:: INPUT
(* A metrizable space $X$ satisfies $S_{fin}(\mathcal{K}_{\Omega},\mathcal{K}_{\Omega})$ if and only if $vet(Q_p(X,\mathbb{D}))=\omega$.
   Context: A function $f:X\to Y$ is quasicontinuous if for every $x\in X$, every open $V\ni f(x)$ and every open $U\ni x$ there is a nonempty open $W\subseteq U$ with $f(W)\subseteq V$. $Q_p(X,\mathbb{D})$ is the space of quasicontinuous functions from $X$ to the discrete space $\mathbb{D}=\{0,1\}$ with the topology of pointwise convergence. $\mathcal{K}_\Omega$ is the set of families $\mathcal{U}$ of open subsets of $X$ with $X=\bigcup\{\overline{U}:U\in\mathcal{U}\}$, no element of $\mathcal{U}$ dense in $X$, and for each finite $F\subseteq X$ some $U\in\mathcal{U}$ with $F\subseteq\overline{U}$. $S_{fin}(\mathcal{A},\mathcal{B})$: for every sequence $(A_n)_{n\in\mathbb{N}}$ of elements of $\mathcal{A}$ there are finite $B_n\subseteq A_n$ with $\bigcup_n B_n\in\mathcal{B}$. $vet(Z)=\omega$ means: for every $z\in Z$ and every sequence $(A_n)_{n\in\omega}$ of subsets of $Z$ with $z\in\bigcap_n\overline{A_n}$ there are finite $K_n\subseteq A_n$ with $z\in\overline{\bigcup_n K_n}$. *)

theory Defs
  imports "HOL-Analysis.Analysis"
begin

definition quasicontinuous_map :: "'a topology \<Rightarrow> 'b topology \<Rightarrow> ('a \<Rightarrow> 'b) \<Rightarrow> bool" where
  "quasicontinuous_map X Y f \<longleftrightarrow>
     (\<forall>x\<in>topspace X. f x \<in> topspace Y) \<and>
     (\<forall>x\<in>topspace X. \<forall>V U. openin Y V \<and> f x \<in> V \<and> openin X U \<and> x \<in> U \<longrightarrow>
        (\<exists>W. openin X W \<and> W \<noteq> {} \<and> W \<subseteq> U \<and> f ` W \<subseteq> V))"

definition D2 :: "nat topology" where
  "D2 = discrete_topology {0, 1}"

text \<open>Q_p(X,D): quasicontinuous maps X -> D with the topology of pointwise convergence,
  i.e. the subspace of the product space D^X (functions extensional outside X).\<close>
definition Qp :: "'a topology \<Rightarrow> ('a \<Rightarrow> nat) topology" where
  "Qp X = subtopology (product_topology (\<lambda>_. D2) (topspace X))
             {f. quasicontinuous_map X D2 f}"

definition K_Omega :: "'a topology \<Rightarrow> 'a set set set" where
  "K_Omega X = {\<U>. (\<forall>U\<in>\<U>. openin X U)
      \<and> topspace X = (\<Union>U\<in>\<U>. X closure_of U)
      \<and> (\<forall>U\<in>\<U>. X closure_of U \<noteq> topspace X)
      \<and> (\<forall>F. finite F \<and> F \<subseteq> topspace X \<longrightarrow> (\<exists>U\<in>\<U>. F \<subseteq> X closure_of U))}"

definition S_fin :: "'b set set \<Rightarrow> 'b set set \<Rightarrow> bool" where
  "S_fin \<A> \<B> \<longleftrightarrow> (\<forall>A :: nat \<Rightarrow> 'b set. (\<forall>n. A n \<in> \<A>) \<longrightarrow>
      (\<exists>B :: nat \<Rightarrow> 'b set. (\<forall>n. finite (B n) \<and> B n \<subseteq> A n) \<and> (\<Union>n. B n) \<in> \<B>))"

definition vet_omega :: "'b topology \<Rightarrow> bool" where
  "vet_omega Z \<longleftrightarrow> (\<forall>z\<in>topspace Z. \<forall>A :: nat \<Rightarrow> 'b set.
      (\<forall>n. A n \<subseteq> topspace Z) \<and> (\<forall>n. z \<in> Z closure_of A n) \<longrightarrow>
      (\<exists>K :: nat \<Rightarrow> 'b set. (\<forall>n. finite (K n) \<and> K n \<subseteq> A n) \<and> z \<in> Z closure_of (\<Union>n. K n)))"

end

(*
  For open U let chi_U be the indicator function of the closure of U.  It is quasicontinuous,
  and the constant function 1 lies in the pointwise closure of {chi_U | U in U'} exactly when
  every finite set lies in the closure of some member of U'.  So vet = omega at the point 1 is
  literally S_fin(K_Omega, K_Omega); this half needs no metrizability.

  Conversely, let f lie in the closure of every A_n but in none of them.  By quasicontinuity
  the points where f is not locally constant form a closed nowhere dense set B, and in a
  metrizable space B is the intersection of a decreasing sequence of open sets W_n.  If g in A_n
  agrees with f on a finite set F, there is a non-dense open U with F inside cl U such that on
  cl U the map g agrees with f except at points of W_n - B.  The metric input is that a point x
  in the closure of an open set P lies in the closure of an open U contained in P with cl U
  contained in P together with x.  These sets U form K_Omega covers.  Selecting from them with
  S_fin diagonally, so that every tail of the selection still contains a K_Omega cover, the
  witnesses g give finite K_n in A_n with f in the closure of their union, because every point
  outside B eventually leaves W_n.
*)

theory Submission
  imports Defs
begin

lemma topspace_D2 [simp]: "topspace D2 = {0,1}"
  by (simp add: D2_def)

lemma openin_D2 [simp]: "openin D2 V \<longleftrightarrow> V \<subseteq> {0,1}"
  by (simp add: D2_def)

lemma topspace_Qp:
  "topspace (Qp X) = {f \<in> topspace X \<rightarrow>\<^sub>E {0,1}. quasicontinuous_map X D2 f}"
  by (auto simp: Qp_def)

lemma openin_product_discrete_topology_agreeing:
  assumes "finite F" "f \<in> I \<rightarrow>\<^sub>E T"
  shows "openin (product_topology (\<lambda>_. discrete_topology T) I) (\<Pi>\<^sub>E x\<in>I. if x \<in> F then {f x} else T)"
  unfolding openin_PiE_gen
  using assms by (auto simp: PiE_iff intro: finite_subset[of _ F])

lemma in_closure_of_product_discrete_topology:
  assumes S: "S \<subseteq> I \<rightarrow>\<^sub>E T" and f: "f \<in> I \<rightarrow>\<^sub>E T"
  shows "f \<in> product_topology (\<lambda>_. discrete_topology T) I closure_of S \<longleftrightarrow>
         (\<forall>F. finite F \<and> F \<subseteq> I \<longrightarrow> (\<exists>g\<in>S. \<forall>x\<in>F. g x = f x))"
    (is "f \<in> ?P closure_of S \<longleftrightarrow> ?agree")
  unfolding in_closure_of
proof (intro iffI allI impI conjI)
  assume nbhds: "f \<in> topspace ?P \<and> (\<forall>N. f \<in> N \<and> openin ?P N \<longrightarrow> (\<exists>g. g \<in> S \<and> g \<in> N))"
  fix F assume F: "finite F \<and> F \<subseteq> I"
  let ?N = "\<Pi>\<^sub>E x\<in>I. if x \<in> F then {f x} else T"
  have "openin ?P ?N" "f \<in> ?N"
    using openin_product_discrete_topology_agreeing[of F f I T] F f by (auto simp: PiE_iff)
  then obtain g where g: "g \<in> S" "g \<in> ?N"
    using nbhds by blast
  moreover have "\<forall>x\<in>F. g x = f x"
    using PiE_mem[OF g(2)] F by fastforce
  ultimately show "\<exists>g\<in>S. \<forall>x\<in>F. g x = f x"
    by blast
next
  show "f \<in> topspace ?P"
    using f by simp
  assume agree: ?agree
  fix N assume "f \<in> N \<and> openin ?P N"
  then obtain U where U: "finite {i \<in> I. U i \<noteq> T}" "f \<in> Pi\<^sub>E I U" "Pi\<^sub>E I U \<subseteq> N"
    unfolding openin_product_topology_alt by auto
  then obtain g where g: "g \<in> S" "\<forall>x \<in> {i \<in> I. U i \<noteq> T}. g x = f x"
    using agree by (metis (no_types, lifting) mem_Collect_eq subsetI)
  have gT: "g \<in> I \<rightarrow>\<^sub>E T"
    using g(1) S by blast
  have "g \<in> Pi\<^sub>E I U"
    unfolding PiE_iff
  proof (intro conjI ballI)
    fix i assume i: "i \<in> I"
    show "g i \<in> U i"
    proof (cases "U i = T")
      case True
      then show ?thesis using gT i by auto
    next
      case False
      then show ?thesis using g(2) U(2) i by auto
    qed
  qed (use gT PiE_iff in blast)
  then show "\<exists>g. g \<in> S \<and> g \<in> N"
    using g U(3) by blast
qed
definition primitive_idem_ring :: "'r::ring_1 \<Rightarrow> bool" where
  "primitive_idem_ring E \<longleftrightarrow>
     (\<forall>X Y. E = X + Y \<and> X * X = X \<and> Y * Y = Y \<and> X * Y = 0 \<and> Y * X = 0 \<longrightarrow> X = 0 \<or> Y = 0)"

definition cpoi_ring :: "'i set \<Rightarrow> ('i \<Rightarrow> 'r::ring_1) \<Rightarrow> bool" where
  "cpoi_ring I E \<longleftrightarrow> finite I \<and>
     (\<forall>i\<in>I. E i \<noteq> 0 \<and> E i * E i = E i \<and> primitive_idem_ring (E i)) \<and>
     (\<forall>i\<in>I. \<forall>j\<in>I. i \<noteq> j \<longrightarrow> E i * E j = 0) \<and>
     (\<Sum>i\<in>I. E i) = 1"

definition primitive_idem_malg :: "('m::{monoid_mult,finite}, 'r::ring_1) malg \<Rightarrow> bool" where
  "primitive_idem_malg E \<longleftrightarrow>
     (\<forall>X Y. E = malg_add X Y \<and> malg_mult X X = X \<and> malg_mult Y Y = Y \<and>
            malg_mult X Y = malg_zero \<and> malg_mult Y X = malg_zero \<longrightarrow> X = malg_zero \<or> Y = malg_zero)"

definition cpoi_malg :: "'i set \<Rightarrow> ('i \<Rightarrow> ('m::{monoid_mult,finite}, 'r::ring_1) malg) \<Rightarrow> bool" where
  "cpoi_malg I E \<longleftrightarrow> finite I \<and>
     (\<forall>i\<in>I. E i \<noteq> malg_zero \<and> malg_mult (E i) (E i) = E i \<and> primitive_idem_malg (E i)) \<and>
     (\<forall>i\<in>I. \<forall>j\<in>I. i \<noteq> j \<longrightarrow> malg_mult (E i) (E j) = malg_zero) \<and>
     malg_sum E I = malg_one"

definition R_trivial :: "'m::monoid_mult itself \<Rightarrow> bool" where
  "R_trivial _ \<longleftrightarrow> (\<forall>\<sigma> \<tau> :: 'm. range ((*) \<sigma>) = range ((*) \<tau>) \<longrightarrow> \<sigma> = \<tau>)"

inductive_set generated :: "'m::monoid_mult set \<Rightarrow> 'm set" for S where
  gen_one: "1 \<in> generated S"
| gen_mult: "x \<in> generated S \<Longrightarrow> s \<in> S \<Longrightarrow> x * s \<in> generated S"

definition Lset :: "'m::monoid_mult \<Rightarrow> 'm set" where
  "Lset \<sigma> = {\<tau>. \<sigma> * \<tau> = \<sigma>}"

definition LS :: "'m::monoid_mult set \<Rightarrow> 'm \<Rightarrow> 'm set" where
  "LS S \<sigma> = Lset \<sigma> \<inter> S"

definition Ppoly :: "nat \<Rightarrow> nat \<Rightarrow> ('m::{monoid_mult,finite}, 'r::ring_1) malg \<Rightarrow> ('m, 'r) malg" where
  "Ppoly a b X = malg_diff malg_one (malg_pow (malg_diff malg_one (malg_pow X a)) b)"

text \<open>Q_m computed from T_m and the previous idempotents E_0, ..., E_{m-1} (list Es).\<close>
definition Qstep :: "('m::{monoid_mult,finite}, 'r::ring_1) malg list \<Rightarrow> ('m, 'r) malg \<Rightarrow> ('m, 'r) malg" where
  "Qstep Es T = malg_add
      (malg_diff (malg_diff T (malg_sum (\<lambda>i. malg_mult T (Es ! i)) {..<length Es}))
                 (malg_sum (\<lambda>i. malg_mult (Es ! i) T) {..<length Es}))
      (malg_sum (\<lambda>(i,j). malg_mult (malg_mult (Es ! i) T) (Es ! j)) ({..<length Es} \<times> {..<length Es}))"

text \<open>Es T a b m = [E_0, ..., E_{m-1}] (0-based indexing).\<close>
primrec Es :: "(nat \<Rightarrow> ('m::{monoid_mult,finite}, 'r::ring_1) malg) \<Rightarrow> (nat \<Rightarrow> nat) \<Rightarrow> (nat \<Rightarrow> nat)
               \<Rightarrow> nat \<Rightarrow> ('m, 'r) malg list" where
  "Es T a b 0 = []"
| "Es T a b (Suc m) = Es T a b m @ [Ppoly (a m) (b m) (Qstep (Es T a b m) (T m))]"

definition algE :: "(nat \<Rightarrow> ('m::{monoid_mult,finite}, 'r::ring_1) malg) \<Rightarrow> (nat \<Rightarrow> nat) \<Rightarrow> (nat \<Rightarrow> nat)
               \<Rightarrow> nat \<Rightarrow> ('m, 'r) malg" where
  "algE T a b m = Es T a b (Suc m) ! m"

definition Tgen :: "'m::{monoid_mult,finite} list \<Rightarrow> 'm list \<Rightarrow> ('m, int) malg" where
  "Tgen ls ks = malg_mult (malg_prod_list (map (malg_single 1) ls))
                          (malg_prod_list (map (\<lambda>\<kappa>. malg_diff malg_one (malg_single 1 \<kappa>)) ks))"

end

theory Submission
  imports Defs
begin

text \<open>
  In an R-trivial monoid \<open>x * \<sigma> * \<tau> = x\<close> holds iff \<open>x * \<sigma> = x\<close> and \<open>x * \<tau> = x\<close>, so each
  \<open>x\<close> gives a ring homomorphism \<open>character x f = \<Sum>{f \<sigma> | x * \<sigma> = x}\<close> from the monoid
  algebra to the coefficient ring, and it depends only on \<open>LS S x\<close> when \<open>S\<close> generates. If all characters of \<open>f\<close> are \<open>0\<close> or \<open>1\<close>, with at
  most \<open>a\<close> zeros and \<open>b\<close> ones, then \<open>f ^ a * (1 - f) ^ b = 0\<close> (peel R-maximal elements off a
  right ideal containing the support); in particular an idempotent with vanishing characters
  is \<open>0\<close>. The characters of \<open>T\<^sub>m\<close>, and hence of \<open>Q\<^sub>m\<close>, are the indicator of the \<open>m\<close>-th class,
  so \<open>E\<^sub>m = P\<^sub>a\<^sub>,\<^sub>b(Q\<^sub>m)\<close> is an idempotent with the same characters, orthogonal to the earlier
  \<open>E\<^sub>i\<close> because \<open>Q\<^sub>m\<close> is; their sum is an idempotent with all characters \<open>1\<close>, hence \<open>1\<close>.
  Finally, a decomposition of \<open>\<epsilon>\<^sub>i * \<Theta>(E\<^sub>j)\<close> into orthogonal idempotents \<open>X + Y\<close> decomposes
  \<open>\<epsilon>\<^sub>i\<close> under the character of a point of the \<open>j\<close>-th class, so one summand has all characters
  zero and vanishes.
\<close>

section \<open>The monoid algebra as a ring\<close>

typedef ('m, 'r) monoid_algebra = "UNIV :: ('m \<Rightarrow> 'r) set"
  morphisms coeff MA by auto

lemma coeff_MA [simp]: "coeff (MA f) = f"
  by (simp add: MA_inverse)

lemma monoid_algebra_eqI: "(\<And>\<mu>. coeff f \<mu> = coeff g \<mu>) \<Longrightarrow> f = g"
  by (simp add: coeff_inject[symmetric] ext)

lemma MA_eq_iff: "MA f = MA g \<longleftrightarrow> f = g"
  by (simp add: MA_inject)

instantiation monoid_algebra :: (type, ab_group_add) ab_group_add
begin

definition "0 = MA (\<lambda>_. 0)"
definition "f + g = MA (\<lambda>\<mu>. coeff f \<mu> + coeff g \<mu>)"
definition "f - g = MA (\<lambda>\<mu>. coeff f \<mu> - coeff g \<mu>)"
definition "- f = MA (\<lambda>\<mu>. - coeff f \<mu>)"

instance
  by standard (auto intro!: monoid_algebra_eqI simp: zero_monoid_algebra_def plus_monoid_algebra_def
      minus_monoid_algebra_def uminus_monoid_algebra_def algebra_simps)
::::
Looking back over the data above, restate word for word the lines that begin at the line with "list \<Rightarrow> 'm" and end at the line with "to the earlier", inclusive.

definition Tgen :: "'m::{monoid_mult,finite} list \<Rightarrow> 'm list \<Rightarrow> ('m, int) malg" where
  "Tgen ls ks = malg_mult (malg_prod_list (map (malg_single 1) ls))
                          (malg_prod_list (map (\<lambda>\<kappa>. malg_diff malg_one (malg_single 1 \<kappa>)) ks))"

end

theory Submission
  imports Defs
begin

text \<open>
  In an R-trivial monoid \<open>x * \<sigma> * \<tau> = x\<close> holds iff \<open>x * \<sigma> = x\<close> and \<open>x * \<tau> = x\<close>, so each
  \<open>x\<close> gives a ring homomorphism \<open>character x f = \<Sum>{f \<sigma> | x * \<sigma> = x}\<close> from the monoid
  algebra to the coefficient ring, and it depends only on \<open>LS S x\<close> when \<open>S\<close> generates. If all characters of \<open>f\<close> are \<open>0\<close> or \<open>1\<close>, with at
  most \<open>a\<close> zeros and \<open>b\<close> ones, then \<open>f ^ a * (1 - f) ^ b = 0\<close> (peel R-maximal elements off a
  right ideal containing the support); in particular an idempotent with vanishing characters
  is \<open>0\<close>. The characters of \<open>T\<^sub>m\<close>, and hence of \<open>Q\<^sub>m\<close>, are the indicator of the \<open>m\<close>-th class,
  so \<open>E\<^sub>m = P\<^sub>a\<^sub>,\<^sub>b(Q\<^sub>m)\<close> is an idempotent with the same characters, orthogonal to the earlier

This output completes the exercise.